WORK INSTRUCTIONS -
Extract precisely the lines of the entries below, from the first line through the line containing "fun_nat_le (F (Suc".

GIVEN INFORMATION -
section \<open>Continuity of the weakest liberal preweighting\<close>

definition loop_charfun ::
  "('m::monoid_mult \<Rightarrow> 's::comm_monoid_add \<Rightarrow> 's) \<Rightarrow> (('x \<Rightarrow> 'v) \<Rightarrow> bool) \<Rightarrow> ('x, 'v, 'm) wgcl \<Rightarrow>
   (('x \<Rightarrow> 'v) \<Rightarrow> 's) \<Rightarrow> (('x \<Rightarrow> 'v) \<Rightarrow> 's) \<Rightarrow> ('x \<Rightarrow> 'v) \<Rightarrow> 's" where
  "loop_charfun act \<phi> C f = (\<lambda>X \<sigma>. if \<phi> \<sigma> then wlp act C X \<sigma> else f \<sigma>)"

lemma wlp_While_nat_gfp: "wlp act (While \<phi> C) f = nat_gfp (loop_charfun act \<phi> C f)"
  by (simp add: loop_charfun_def)

context bicontinuous_module
begin

lemma loop_charfun_mono:
  "fun_nat_mono (wlp act C) \<Longrightarrow> fun_nat_mono (loop_charfun act \<phi> C f)"
  unfolding fun_nat_mono_def loop_charfun_def fun_nat_le_def by auto

lemma loop_charfun_inf_continuous:
  fixes C :: "('x, 'v, 'm) wgcl"
  assumes "fun_nat_inf_continuous (wlp act C)"
  shows "fun_nat_inf_continuous (loop_charfun act \<phi> C f)"
proof (rule fun_nat_inf_continuousI)
  fix F :: "nat \<Rightarrow> ('x \<Rightarrow> 'v) \<Rightarrow> 's" and X y
  assume "\<And>i. fun_nat_le (F (Suc i)) (F i)" "\<And>x. is_nat_glb (range (\<lambda>i. F i x)) (X x)"
  then show "is_nat_glb (range (\<lambda>i. loop_charfun act \<phi> C f (F i) y)) (loop_charfun act \<phi> C f X y)"
    using fun_nat_inf_continuousD[OF assms] by (simp add: loop_charfun_def is_nat_glb_singleton)
qed

lemma wlp_While_unfold:
  assumes "fun_nat_mono (wlp act C)" "fun_nat_inf_continuous (wlp act C)"
  shows "wlp act (While \<phi> C) f \<sigma> = (if \<phi> \<sigma> then wlp act C (wlp act (While \<phi> C) f) \<sigma> else f \<sigma>)"
  using nat_gfp_unfold[OF loop_charfun_mono[OF assms(1)] loop_charfun_inf_continuous[OF assms(2)]]
  by (metis loop_charfun_def wlp_While_nat_gfp)

lemma wlp_While_coinduct:
  assumes "fun_nat_mono (wlp act C)" "fun_nat_inf_continuous (wlp act C)"
    and "fun_nat_le X (loop_charfun act \<phi> C f X)"
  shows "fun_nat_le X (wlp act (While \<phi> C) f)"
  unfolding wlp_While_nat_gfp
  by (rule nat_gfp_coinduct[OF loop_charfun_mono[OF assms(1)] loop_charfun_inf_continuous[OF assms(2)] assms(3)])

RESPONSE TO THE EXERCISE -
section \<open>Continuity of the weakest liberal preweighting\<close>

definition loop_charfun ::
  "('m::monoid_mult \<Rightarrow> 's::comm_monoid_add \<Rightarrow> 's) \<Rightarrow> (('x \<Rightarrow> 'v) \<Rightarrow> bool) \<Rightarrow> ('x, 'v, 'm) wgcl \<Rightarrow>
   (('x \<Rightarrow> 'v) \<Rightarrow> 's) \<Rightarrow> (('x \<Rightarrow> 'v) \<Rightarrow> 's) \<Rightarrow> ('x \<Rightarrow> 'v) \<Rightarrow> 's" where
  "loop_charfun act \<phi> C f = (\<lambda>X \<sigma>. if \<phi> \<sigma> then wlp act C X \<sigma> else f \<sigma>)"

lemma wlp_While_nat_gfp: "wlp act (While \<phi> C) f = nat_gfp (loop_charfun act \<phi> C f)"
  by (simp add: loop_charfun_def)

context bicontinuous_module
begin

lemma loop_charfun_mono:
  "fun_nat_mono (wlp act C) \<Longrightarrow> fun_nat_mono (loop_charfun act \<phi> C f)"
  unfolding fun_nat_mono_def loop_charfun_def fun_nat_le_def by auto

lemma loop_charfun_inf_continuous:
  fixes C :: "('x, 'v, 'm) wgcl"
  assumes "fun_nat_inf_continuous (wlp act C)"
  shows "fun_nat_inf_continuous (loop_charfun act \<phi> C f)"
proof (rule fun_nat_inf_continuousI)
  fix F :: "nat \<Rightarrow> ('x \<Rightarrow> 'v) \<Rightarrow> 's" and X y
  assume "\<And>i. fun_nat_le (F (Suc i)) (F i)" "\<And>x. is_nat_glb (range (\<lambda>i. F i x)) (X x)"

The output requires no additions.